Base editing reduces cholesterol

Sarah Houlton

US biotech Verve Therapeutics has for the first time shown that base editing can be used to turn off a gene in the liver in non-human primates. The trial was part of the company’s programme to create a ‘one-and-done’ gene editing treatment for lowering cholesterol.

Base editing is a technology that allows very accurate changes to be made to individual genes, without affecting the wider genome. ‘It’s very different from CRISPR Cas-9 technology, which is more like molecular scissors,’ explains Sekar Kathiresan, co-founder and CEO of Verve. ‘The analogy here is a pencil and eraser, where you can rub out one letter, and write in another.’

Verve has been trying out both technologies, and is looking at two different genes: PCSK9 and ANGPTL3. Both are known to cause increased blood levels of either LDL cholesterol or triglyceride-rich lipoproteins. Turning either off ought to give dramatic reductions in cholesterol levels in the bloodstream and therefore reduce the risk of coronary heart disease.

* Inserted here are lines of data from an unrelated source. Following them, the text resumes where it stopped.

definition longest_cycle :: "'a set \<Rightarrow> 'a set set \<Rightarrow> 'a list \<Rightarrow> bool" where
  "longest_cycle V E C \<longleftrightarrow> is_cycle V E C \<and>
     (\<forall>D. is_cycle V E D \<longrightarrow> length D \<le> length C)"

definition lct :: "'a set \<Rightarrow> 'a set set \<Rightarrow> nat" where
  "lct V E = (LEAST n. \<exists>X \<subseteq> V. card X = n \<and>
       (\<forall>C. longest_cycle V E C \<longrightarrow> set C \<inter> X \<noteq> {}))"

definition is_tree :: "'b set \<Rightarrow> 'b set set \<Rightarrow> bool" where
  "is_tree N TE \<longleftrightarrow> graph N TE \<and> connected_set TE N \<and> (\<nexists>cs. is_cycle N TE cs)"

definition tree_decomp :: "'a set \<Rightarrow> 'a set set \<Rightarrow> 'b set \<Rightarrow> 'b set set \<Rightarrow> ('b \<Rightarrow> 'a set) \<Rightarrow> bool" where
  "tree_decomp V E N TE bag \<longleftrightarrow> is_tree N TE \<and> inj_on bag N \<and>
     (\<forall>t\<in>N. bag t \<subseteq> V) \<and>
     (\<forall>v\<in>V. \<exists>t\<in>N. v \<in> bag t) \<and>
     (\<forall>e\<in>E. \<exists>t\<in>N. e \<subseteq> bag t) \<and>
     (\<forall>v\<in>V. connected_set TE {t \<in> N. v \<in> bag t})"

text \<open>Treewidth: the least k such that some tree decomposition has all bags of
  size at most k+1 (the node type is nat; every finite tree is isomorphic to one
  on natural numbers).\<close>
definition treewidth :: "'a set \<Rightarrow> 'a set set \<Rightarrow> nat" where
  "treewidth V E = (LEAST k. \<exists>(N :: nat set) TE bag. tree_decomp V E N TE bag \<and>
       (\<forall>t\<in>N. card (bag t) \<le> k + 1))"

definition full_tree_decomp :: "'a set \<Rightarrow> 'a set set \<Rightarrow> 'b set \<Rightarrow> 'b set set \<Rightarrow> ('b \<Rightarrow> 'a set) \<Rightarrow> bool" where
  "full_tree_decomp V E N TE bag \<longleftrightarrow> tree_decomp V E N TE bag \<and>
     (\<forall>t\<in>N. card (bag t) = treewidth V E + 1) \<and>
     (\<forall>t\<in>N. \<forall>t'\<in>N. {t, t'} \<in> TE \<longrightarrow> card (bag t \<inter> bag t') = treewidth V E)"

definition separates :: "'a set \<Rightarrow> 'a set set \<Rightarrow> 'a set \<Rightarrow> 'a set \<Rightarrow> bool" where
  "separates V E S X \<longleftrightarrow> (\<exists>x\<in>X - S. \<exists>y\<in>X - S. x \<in> V \<and> y \<in> V \<and> \<not> conn_in E (V - S) x y)"

definition crosses :: "'a set \<Rightarrow> 'a set set \<Rightarrow> 'a set \<Rightarrow> 'a list \<Rightarrow> bool" where
  "crosses V E S C \<longleftrightarrow> separates V E S (set C)"

definition fenced :: "'a set \<Rightarrow> 'a set set \<Rightarrow> 'a set \<Rightarrow> 'a list \<Rightarrow> bool" where
  "fenced V E S C \<longleftrightarrow> \<not> crosses V E S C"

The idea, Kathiresan says, is to permanently turn one of these genes off in the liver. There is precedent that it should work, as there are already monoclonal antibodies that neutralise circulating PCSK9, and gene silencing technology using siRNA has also been successful. However, both require chronic medication; by editing the gene directly, a single treatment should suffice.

The base editing technology tested involves a guide RNA, which homes in on the right spot in the genome, and a piece of mRNA that does the actual gene editing. The two are packaged together in a lipid nanoparticle, which efficiently delivers them to the liver after injection.

In tests in monkeys, the genes were indeed turned off, and there were no detectable off-target edits. ‘We have done a lot of work to find the right combination of guide and editor,’ Kathiresan says. ‘We screened hundreds of guides to get the specific combination we needed.’

Turning off PCSK9, there was an 89% reduction in PCSK9 protein in the bloodstream, which gave a 59% reduction in blood cholesterol. And with ANGPTL3, there was a 95% fall in plasma protein, and a 64% reduction in blood cholesterol.

Verve should decide which approach to take forward as lead candidate by the end of 2020. ‘We hope to be in humans in late 2022 or early 2023,’ Kathiresan says. ‘We are evaluating multiple combinations of gene editor and guide RNA and also looking at CRISPR Cas-9 options.’

Both technologies have their strengths and weaknesses, he says. ‘We have been able to achieve similar levels of editing with both, but the two differ in a number of ways. These include the capacity of Cas-9 to generate double-strand breaks, and the capacity of the adenine base editor to edit RNA as well as DNA.’

The first patients to be treated, he expects, will be those with sky-high cholesterol levels despite standard of care treatment. ‘With sorting out the efficacy and safety in that group with that high unmet need, then we can move on to other, larger, patient populations,’ he says.